Adverse effects [2 years]
Primary outcome measures will be the number of participants with adverse events, laboratory abnormalities and other signs of toxicity. Particular focus will be on the number and severity of infusion reactions, complications related to infection, and any potential negative impact on the course of diabetes.

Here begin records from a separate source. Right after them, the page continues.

(* Let $L\ge3$, $m\ge1$, $x_1>\cdots>x_N$ real, $\mathbf X=(x_1,\dots,x_N)^T$. Let $A_{L,\mathrm{par}}(\mathbf X)$ be the set of all vectors obtainable as the (sign-normalized) output of a single sign-activated unit with hidden widths $m_1=\cdots=m_{L-2}=m$ and $m_{L-1}=1$. Then $A_{L,\mathrm{par}}(\mathbf X)$ contains every vector of $\mathcal H^{(m)}$.
   Context: $\sigma(x)=\mathrm{sign}(x)$ with $\mathrm{sign}(x)=1$ if $x\ge0$, $-1$ if $x<0$, applied entrywise. A single unit with widths $m_0=1,m_1,\dots,m_{L-1}=1$ maps $\mathbf X$ to $\mathbf X^{(L)}$ via $\mathbf X^{(1)}=\mathbf X$ and $\mathbf X^{(l+1)}=\sigma(\mathbf X^{(l)}\mathbf W^{(l)}+\mathbf 1\mathbf b^{(l)})\in\{-1,1\}^{N\times m_l}$ for $l\in[L-1]$, with arbitrary $\mathbf W^{(l)}\in\mathbb R^{m_{l-1}\times m_l}$, $\mathbf b^{(l)}\in\mathbb R^{1\times m_l}$. $A_{L,\mathrm{par}}(\mathbf X)$ is the set of all vectors $\epsilon\mathbf X^{(L)}\in\{-1,1\}^N$ over all such weights and biases, where $\epsilon\in\{-1,1\}$ is chosen so that the first entry is $1$. A vector $\mathbf h\in\{-1,1\}^N$ switches at $n>1$ if $h_n\neq h_{n-1}$; $\mathcal H^{(K)}$ is the set of vectors in $\{-1,1\}^N$ with first entry $1$ that switch at most $K$ times. *)

theory Defs
  imports Complex_Main
begin

definition sgn_act :: "real \<Rightarrow> real" where
  "sgn_act t = (if t \<ge> 0 then 1 else -1)"

definition layer :: "nat \<Rightarrow> nat \<Rightarrow> (nat \<Rightarrow> nat \<Rightarrow> real) \<Rightarrow> (nat \<Rightarrow> real) \<Rightarrow> (nat \<Rightarrow> real) \<Rightarrow> (nat \<Rightarrow> real)" where
  "layer p q W b v = (\<lambda>j. if j < q then sgn_act ((\<Sum>i<p. v i * W i j) + b j) else 0)"

text \<open>ws = [m_0, m_1, ..., m_(L-1)]; W k, b k are the weights/bias of layer k+1.
  fwd ws W b k v applies the first k layers.\<close>
fun fwd :: "nat list \<Rightarrow> (nat \<Rightarrow> nat \<Rightarrow> nat \<Rightarrow> real) \<Rightarrow> (nat \<Rightarrow> nat \<Rightarrow> real) \<Rightarrow> nat \<Rightarrow> (nat \<Rightarrow> real) \<Rightarrow> (nat \<Rightarrow> real)" where
  "fwd ws W b 0 v = v"
| "fwd ws W b (Suc k) v = layer (ws ! k) (ws ! Suc k) (W k) (b k) (fwd ws W b k v)"

definition unit_out :: "nat list \<Rightarrow> (nat \<Rightarrow> nat \<Rightarrow> nat \<Rightarrow> real) \<Rightarrow> (nat \<Rightarrow> nat \<Rightarrow> real) \<Rightarrow> real \<Rightarrow> real" where
  "unit_out ws W b x = fwd ws W b (length ws - 1) (\<lambda>i. if i = 0 then x else 0) 0"

text \<open>A_par: all sign-normalised output vectors (rows processed independently,
  which is exactly the row-wise action of X W + 1 b).\<close>
definition A_par :: "nat list \<Rightarrow> real list \<Rightarrow> real list set" where
  "A_par ws xs = {map (\<lambda>t. hd out * t) out | out.
      \<exists>W b. out = map (unit_out ws W b) xs}"

definition switches :: "real list \<Rightarrow> nat set" where
  "switches h = {n. 0 < n \<and> n < length h \<and> h ! n \<noteq> h ! (n - 1)}"

definition H_switch :: "nat \<Rightarrow> nat \<Rightarrow> real list set" where
  "H_switch K N = {h. length h = N \<and> set h \<subseteq> {-1, 1} \<and> h ! 0 = 1 \<and> card (switches h) \<le> K}"

end

theory Submission
  imports Defs
begin

text \<open>Let \<open>c i\<close> be the number of switches of \<open>h\<close> at positions \<open>\<le> i\<close>, so that
  \<open>h\<^sub>i = (-1)^c i\<close> and \<open>c i \<le> m\<close>. As the inputs decrease strictly and \<open>c\<close> is monotone,
  each index set \<open>{i. c i \<le> j}\<close> is an initial segment, cut out by a threshold \<open>t j\<close>.
  The first hidden layer with neurons \<open>sign (x - t j)\<close>, \<open>j < m\<close>, therefore maps \<open>x\<^sub>i\<close> to a
  vector whose entries \<open>-1\<close> form the initial block of length \<open>c i\<close>; the other hidden layers
  are identities, and an output neuron with alternating weights \<open>(-1)^j\<close> reads off the
  parity of the block length.\<close>

lemma sgn_act_pm1: "v \<in> {-1, 1} \<Longrightarrow> sgn_act v = v"
  unfolding sgn_act_def by auto

lemma sgn_act_range: "sgn_act v \<in> {-1, 1}"
  unfolding sgn_act_def by auto

lemma neg_one_power_in_pm1: "(-1::real) ^ n \<in> {-1, 1}"
  by (cases "even n") auto

lemma one_minus_two_alternating_sum: "1 - 2 * (\<Sum>j<c. (-1::real) ^ j) = (-1) ^ c"
  by (induction c) auto

lemma A_parI:
  assumes "map (unit_out ws W b) xs = h" and "hd h = 1"
  shows "h \<in> A_par ws xs"
proof -
  have "h = map (\<lambda>s. hd h * s) h"
    using assms(2) by simp
  then show ?thesis
    using assms(1) unfolding A_par_def by blast
qed

lemma layer_identity:
  "layer q q (\<lambda>i j. if i = j then 1 else 0) (\<lambda>_. 0) (layer p q W b v) = layer p q W b v"
proof
  fix j
  let ?u = "layer p q W b v"
  show "layer q q (\<lambda>i j. if i = j then 1 else 0) (\<lambda>_. 0) ?u j = ?u j"
  proof (cases "j < q")
    case True
    have "(\<Sum>i<q. ?u i * (if i = j then 1 else 0)) = ?u j"
      using True by (simp add: if_distrib cong: if_cong)
    moreover have "?u j \<in> {-1, 1}"
      using True sgn_act_range by (simp add: layer_def)
    ultimately show ?thesis
      using True by (simp add: layer_def sgn_act_pm1)
  qed (simp add: layer_def)
qed

lemma fwd_identity_layers:
  assumes "\<And>k. 1 \<le> k \<Longrightarrow> k \<le> n \<Longrightarrow> ws ! k = q"
    and "\<And>k. 1 \<le> k \<Longrightarrow> k < n \<Longrightarrow> W k = (\<lambda>i j. if i = j then 1 else 0) \<and> b k = (\<lambda>_. 0)"
    and "1 \<le> n"
  shows "fwd ws W b n v = fwd ws W b 1 v"
  using assms
proof (induction n)
  case (Suc n)
  show ?case
  proof (cases "n = 0")
    case False
    then have "fwd ws W b (Suc n) v
        = layer q q (\<lambda>i j. if i = j then 1 else 0) (\<lambda>_. 0) (fwd ws W b 1 v)"
      using Suc by simp
    also have "\<dots> = fwd ws W b 1 v"
      using Suc.prems(1)[of 1] False by (simp add: layer_identity)
    finally show ?thesis .
  qed simp
qed simp

text \<open>\<open>W k\<close>, \<open>b k\<close> describe layer \<open>k + 1\<close>; the output bias makes the all-ones
  vector yield the value \<open>1\<close>.\<close>

definition parity_net_W :: "nat \<Rightarrow> nat \<Rightarrow> nat \<Rightarrow> nat \<Rightarrow> real" where
  "parity_net_W L k i j =
     (if k = 0 then 1 else if k < L - 2 then (if i = j then 1 else 0) else (-1) ^ i)"

definition parity_net_b :: "nat \<Rightarrow> nat \<Rightarrow> (nat \<Rightarrow> real) \<Rightarrow> nat \<Rightarrow> nat \<Rightarrow> real" where
  "parity_net_b L m t k j =
     (if k = 0 then - t j else if k < L - 2 then 0 else 1 - (\<Sum>i<m. (-1) ^ i))"

lemma nth_hidden_widths:
  fixes m :: nat
  assumes "L \<ge> 3"
  shows "length ([1] @ replicate (L - 2) m @ [1]) = L"
    and "([1] @ replicate (L - 2) m @ [1]) ! 0 = 1"
    and "1 \<le> k \<Longrightarrow> k \<le> L - 2 \<Longrightarrow> ([1] @ replicate (L - 2) m @ [1]) ! k = m"
    and "([1] @ replicate (L - 2) m @ [1]) ! (L - 1) = 1"
  using assms by (auto simp: nth_append nth_Cons')

lemma fwd_parity_net_hidden:
  assumes "L \<ge> 3"
  shows "fwd ([1] @ replicate (L - 2) m @ [1]) (parity_net_W L) (parity_net_b L m t) (L - 2)
           (\<lambda>i. if i = 0 then x else 0)
         = (\<lambda>j. if j < m then sgn_act (x - t j) else 0)"
proof -
  let ?ws = "[1] @ replicate (L - 2) m @ [1]"
  have "fwd ?ws (parity_net_W L) (parity_net_b L m t) (L - 2) (\<lambda>i. if i = 0 then x else 0)
      = fwd ?ws (parity_net_W L) (parity_net_b L m t) 1 (\<lambda>i. if i = 0 then x else 0)"
    using assms nth_hidden_widths(3)[OF assms]
    by (intro fwd_identity_layers[where q = m]) (auto simp: parity_net_W_def parity_net_b_def fun_eq_iff)
  also have "\<dots> = (\<lambda>j. if j < m then sgn_act (x - t j) else 0)"
    using assms nth_hidden_widths(2)[OF assms, of m] nth_hidden_widths(3)[OF assms, of 1 m]
    by (auto simp: layer_def parity_net_W_def parity_net_b_def fun_eq_iff)
  finally show ?thesis .
qed

lemma unit_out_parity_net:
  assumes "L \<ge> 3"
  shows "unit_out ([1] @ replicate (L - 2) m @ [1]) (parity_net_W L) (parity_net_b L m t) x
         = sgn_act (1 - 2 * (\<Sum>j | j < m \<and> x < t j. (-1) ^ j))"
proof -
  let ?u = "\<lambda>j. if j < m then sgn_act (x - t j) else 0"
  let ?ws = "[1] @ replicate (L - 2) m @ [1]"
  have last: "L - 1 = Suc (L - 2)"
    using assms by simp
  then have "unit_out ?ws (parity_net_W L) (parity_net_b L m t) x
      = fwd ?ws (parity_net_W L) (parity_net_b L m t) (Suc (L - 2)) (\<lambda>i. if i = 0 then x else 0) 0"
    by (simp only: unit_out_def nth_hidden_widths(1)[OF assms])
  also have "\<dots> = layer m 1 (parity_net_W L (L - 2)) (parity_net_b L m t (L - 2)) ?u 0"
    using assms last fwd_parity_net_hidden[OF assms]
      nth_hidden_widths(3)[OF assms, of "L - 2" m] nth_hidden_widths(4)[OF assms, of m]
    by simp
  also have "\<dots> = sgn_act ((\<Sum>j<m. sgn_act (x - t j) * (-1) ^ j) + (1 - (\<Sum>j<m. (-1) ^ j)))"
    using assms by (simp add: layer_def parity_net_W_def parity_net_b_def)
  also have "(\<Sum>j<m. sgn_act (x - t j) * (-1) ^ j)
      = (\<Sum>j<m. (-1) ^ j) - 2 * (\<Sum>j | j < m \<and> x < t j. (-1::real) ^ j)"
  proof -
    have "(\<Sum>j<m. sgn_act (x - t j) * (-1) ^ j)
        = (\<Sum>j<m. (-1) ^ j - 2 * (if x < t j then (-1::real) ^ j else 0))"
      by (intro sum.cong) (auto simp: sgn_act_def)
    also have "\<dots> = (\<Sum>j<m. (-1) ^ j) - 2 * (\<Sum>j<m. if x < t j then (-1::real) ^ j else 0)"
      by (simp add: sum_subtractf sum_distrib_left)
    also have "(\<Sum>j<m. if x < t j then (-1::real) ^ j else 0) = (\<Sum>j | j < m \<and> x < t j. (-1) ^ j)"
      by (simp add: sum.inter_filter[symmetric])
    finally show ?thesis
      by simp
  qed
  finally show ?thesis by simp
qed

lemma unit_out_parity_net_prefix:
  assumes "L \<ge> 3" and "{j. j < m \<and> x < t j} = {..<c}"
  shows "unit_out ([1] @ replicate (L - 2) m @ [1]) (parity_net_W L) (parity_net_b L m t) x
         = (-1) ^ c"
  using unit_out_parity_net[OF assms(1)] assms(2)
  by (simp add: one_minus_two_alternating_sum sgn_act_pm1[OF neg_one_power_in_pm1])

lemma down_closed_threshold:
  fixes xs :: "real list"
  assumes sorted: "sorted_wrt (>) xs"
    and down_closed: "\<And>i k. i \<le> k \<Longrightarrow> k < length xs \<Longrightarrow> P k \<Longrightarrow> P i"
  shows "\<exists>\<tau>. \<forall>i < length xs. \<tau> \<le> xs ! i \<longleftrightarrow> P i"
proof (cases "\<exists>i < length xs. P i")
  case True
  define p where "p = Max {i. i < length xs \<and> P i}"
  have p: "p < length xs" "P p" and le_p: "\<And>i. i < length xs \<Longrightarrow> P i \<Longrightarrow> i \<le> p"
    using True Max_in[of "{i. i < length xs \<and> P i}"] unfolding p_def by auto
  have "xs ! p \<le> xs ! i \<longleftrightarrow> P i" if "i < length xs" for i
  proof
    assume "P i"
    then have "i \<le> p"
      using le_p[OF that] by blast
    then show "xs ! p \<le> xs ! i"
      using sorted_wrt_nth_less[OF sorted _ p(1), of i] by (cases "i = p") auto
  next
    assume "xs ! p \<le> xs ! i"
    then have "\<not> p < i"
      using sorted_wrt_nth_less[OF sorted _ that] by force
    then show "P i"
      using down_closed[OF _ p] by simp
  qed
  then show ?thesis by blast
next
  case False
  have "xs ! i < xs ! 0 + 1" if "i < length xs" for i
    using that sorted_wrt_nth_less[OF sorted, of 0 i] by (cases i) auto
  then show ?thesis
    using False by (metis not_le)
qed

lemma monotone_count_thresholds:
  fixes xs :: "real list" and c :: "nat \<Rightarrow> nat"
  assumes "sorted_wrt (>) xs" and "mono c"
  obtains t where "\<And>i j. i < length xs \<Longrightarrow> xs ! i < t j \<longleftrightarrow> j < c i"
proof -
  have "\<forall>j. \<exists>\<tau>. \<forall>i < length xs. \<tau> \<le> xs ! i \<longleftrightarrow> c i \<le> j"
  proof
    fix j
    show "\<exists>\<tau>. \<forall>i < length xs. \<tau> \<le> xs ! i \<longleftrightarrow> c i \<le> j"
    proof (rule down_closed_threshold[OF assms(1)])
      show "c i \<le> j" if "i \<le> k" and "c k \<le> j" for i k
        using monoD[OF assms(2) that(1)] that(2) by (rule le_trans)
    qed
  qed
  from choice[OF this] obtain t
    where t: "\<forall>j. \<forall>i < length xs. t j \<le> xs ! i \<longleftrightarrow> c i \<le> j"
    by blast
  show thesis
  proof (rule that)
    show "xs ! i < t j \<longleftrightarrow> j < c i" if "i < length xs" for i j
      using t that by (simp add: not_le[symmetric])
  qed
qed

definition switch_count :: "real list \<Rightarrow> nat \<Rightarrow> nat" where
  "switch_count h i = card {n \<in> switches h. n \<le> i}"

lemma finite_switches: "finite (switches h)"
  unfolding switches_def by auto

lemma mono_switch_count: "mono (switch_count h)"
  unfolding switch_count_def mono_def using finite_switches by (intro allI impI card_mono) auto

lemma switch_count_le_card_switches: "switch_count h i \<le> card (switches h)"
  unfolding switch_count_def using finite_switches by (intro card_mono) auto

lemma switch_count_0: "switch_count h 0 = 0"
  unfolding switch_count_def switches_def by auto

lemma switch_count_Suc:
  "switch_count h (Suc i) = switch_count h i + (if Suc i \<in> switches h then 1 else 0)"
proof -
  have "{n \<in> switches h. n \<le> Suc i} =
      (if Suc i \<in> switches h then insert (Suc i) {n \<in> switches h. n \<le> i}
       else {n \<in> switches h. n \<le> i})"
    using le_Suc_eq by auto
  then show ?thesis
    unfolding switch_count_def using finite_switches by simp
qed

lemma nth_eq_neg_one_power_switch_count:
  assumes "set h \<subseteq> {-1, 1}" and "h ! 0 = 1" and "i < length h"
  shows "h ! i = (-1) ^ switch_count h i"
  using assms(3)
proof (induction i)
  case 0
  then show ?case
    using assms(2) by (simp add: switch_count_0)
next
  case (Suc i)
  have "h ! Suc i \<in> set h" and "h ! i \<in> set h"
    using Suc.prems by auto
  then have "h ! Suc i \<in> {-1, 1}" and "h ! i \<in> {-1, 1}"
    using assms(1) by blast+
  then have "h ! Suc i = (if Suc i \<in> switches h then - h ! i else h ! i)"
    using Suc.prems unfolding switches_def by auto
  then show ?case
    using Suc by (simp add: switch_count_Suc)
qed

theorem proposition10:
  fixes L m :: nat and xs :: "real list"
  assumes "L \<ge> 3" and "m \<ge> 1"
    and "xs \<noteq> []" and "sorted_wrt (>) xs"
  shows "H_switch m (length xs) \<subseteq> A_par ([1] @ replicate (L - 2) m @ [1]) xs"
proof
  fix h
  assume "h \<in> H_switch m (length xs)"
  then have len: "length h = length xs" and pm1: "set h \<subseteq> {-1, 1}" and h0: "h ! 0 = 1"
    and few: "card (switches h) \<le> m"
    unfolding H_switch_def by auto
  obtain t where t: "\<And>i j. i < length xs \<Longrightarrow> xs ! i < t j \<longleftrightarrow> j < switch_count h i"
    using monotone_count_thresholds[OF assms(4) mono_switch_count] by blast
  let ?out = "unit_out ([1] @ replicate (L - 2) m @ [1]) (parity_net_W L) (parity_net_b L m t)"
  have "?out (xs ! i) = h ! i" if "i < length xs" for i
  proof -
    have "switch_count h i \<le> m"
      using switch_count_le_card_switches few by (rule le_trans)
    then have "{j. j < m \<and> xs ! i < t j} = {..<switch_count h i}"
      by (auto simp: t[OF that])
    then show ?thesis
      using unit_out_parity_net_prefix[OF assms(1)] nth_eq_neg_one_power_switch_count[OF pm1 h0]
        len that by simp
  qed
  then have "map ?out xs = h"
    using len by (intro nth_equalityI) auto
  moreover have "hd h = 1"
    using h0 len assms(3) by (metis hd_conv_nth length_0_conv)
  ultimately show "h \<in> A_par ([1] @ replicate (L - 2) m @ [1]) xs"
    by (rule A_parI)
qed

end
(* Let $\mathcal{B}=\langle V,F,E\rangle$ be a self-contained finite bipartite graph and $M$ an arbitrary perfect matching for $\mathcal{B}$. Then the directed cluster graph $\mathrm{merge}(\mathrm{clust}(\mathcal{G}(\mathcal{B},M)))$ coincides with the output of Algorithm 1 applied to $\mathcal{B}$ with no exogenous vertices.
   Context: $\mathrm{adj}_{\mathcal{B}}(X)$ is the set of neighbours of $X$. $F'\subseteq F$ is self-contained if $|F'|=|\mathrm{adj}_{\mathcal{B}}(F')|$ and $|F''|\le|\mathrm{adj}_{\mathcal{B}}(F'')|$ for all $F''\subseteq F'$; $\mathcal{B}$ is self-contained if $|F|=|V|$ and $F$ is self-contained; minimal self-contained = non-empty self-contained with no non-empty strict self-contained subset. A directed cluster graph is a pair $\langle\mathcal{V},\mathcal{E}\rangle$ with $\mathcal{V}$ a partition of a vertex set and $\mathcal{E}$ a set of edges $x\to C$ from vertices to clusters. $M(X)$ is the set of vertices matched by $M$ to vertices of $X$. (i) $\mathcal{G}(\mathcal{B},M)$: directed graph on $V\cup F$ with, for each $(v-f)\in E$, the edge $f\to v$ if $(v-f)\in M$ and $v\to f$ otherwise. (ii) $\mathrm{clust}(\mathcal{G})=\langle\mathcal{V}',\mathcal{E}'\rangle$: $\mathcal{V}'$ the partition into strongly connected components and $\mathcal{E}'=\{x\to\mathrm{cl}(w):(x\to w)\text{ in }\mathcal{G},\ x\notin\mathrm{cl}(w)\}$, with $\mathrm{cl}(w)$ the component of $w$. (iii) $\mathrm{merge}(\langle\mathcal{V}',\mathcal{E}'\rangle)=\langle\mathcal{V},\mathcal{E}\rangle$ with $\mathcal{V}=\{S\cup M(S):S\in\mathcal{V}'\}$ and $\mathcal{E}=\{x\to S\cup M(S):(x\to S)\in\mathcal{E}',\ x\notin M(S)\}$. Algorithm 1 (no exogenous vertices): start with $\mathcal{V}=\mathcal{E}=\emptyset$ and $\mathcal{B}'=\langle V',F',E'\rangle=\mathcal{B}$; while $\mathcal{B}'$ is non-null: choose a minimal self-contained set $S_F$ of $\mathcal{B}'$, let $C=S_F\cup\mathrm{adj}_{\mathcal{B}'}(S_F)$, add $C$ to $\mathcal{V}$, add $v\to C$ for every $v\in\mathrm{adj}_{\mathcal{B}}(S_F)\setminus\mathrm{adj}_{\mathcal{B}'}(S_F)$, replace $\mathcal{B}'$ by its subgraph induced by $(V'\cup F')\setminus C$. Output $\langle\mathcal{V},\mathcal{E}\rangle$. *)

theory Defs
  imports Main
begin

Secondary Outcome Measures

Change in HbA1C [2 years]
Measure the HbA1C level after treatment
Change in C-peptide [2 years]
Measure the C-peptide level after treatment
Change in insulin dose [2 years]
Measure insulin dose patient used after treatment
Hypoglycaemic events [2 years]
Measure the number of participants with Hypoglycaemic events
Change in titer of autoantibodies [2 years]
Measure the titer of antoantibodies of participant after treatment
Change in immune cells diversities and quantities. [2 years]
Measure the immune cells diversities and quantities after treatment
Change in autoimmune-related cytokines [2 years]
Measure the change of autoimmune- related cytokines after treatment
Life quality evaluation [2 years]
Number of participants with disturbance of emotion, sleep, resting or energy.

Eligibility Criteria

Criteria

Ages Eligible for Study:

18 Years and Older

Sexes Eligible for Study:

All

Accepts Healthy Volunteers:

Inclusion Criteria:

Type 1 diabetes according to ADA criteria <3 years.
Age≥ 18 years.
Positive for at least one of the anti-islet autoantibodies: GADA, IA2A, ZnT8A
Fasting or postprandial plasma C-peptide more than 100 pmol/L
Written informed consent from the patient or family representative.

Exclusion Criteria:

History or family history of medullary thyroid carcinoma or MEN 2 syndrome;
History of chronic or acute pancreatitis;
Allergic to liraglutide or any components in Victoza®;
Hepatic abnormalities (transaminase > 2 times normal);
Renal impairments (serum creatinine >133 umol/L);
Cardiovascular diseases (hypertension, coronary heart disease, etc.);
Presence of anemia (Hb ≤100g/L), leukopenia (<3.5×109/L);
Presence of disorder in coagulation or anticoagulation, or thrombocytopenia (platelets <100×109/L);
Presence of acute metabolic disorders; In the case of acute ketone acidosis, with blood ketone over 0.3mmol/L and pH lower than 7.30;
Presence of any kind of chronic infection or immune deficiency, including hepatitis B, hepatitis C, HIV, syphilis or tuberculosis, etc.;
Chronic use of systemic glucocorticoids or other immunosuppressive agents for over 3 months;
Any history of malignancy;
Female patients who are pregnant or breastfeeding; any female who is unwilling to use a reliable and effective form of contraception for 2 years after recruitment;
Presence of any infectious diseases, including active skin infections, flu, fever, upper or lower respiratory tract infections; those who wish to participate in the study should keep the infection under control for at least 1 week before receiving Treg product infusion;
Any medical condition that, in the opinion of the investigator, will interfere with safe participation in the trial.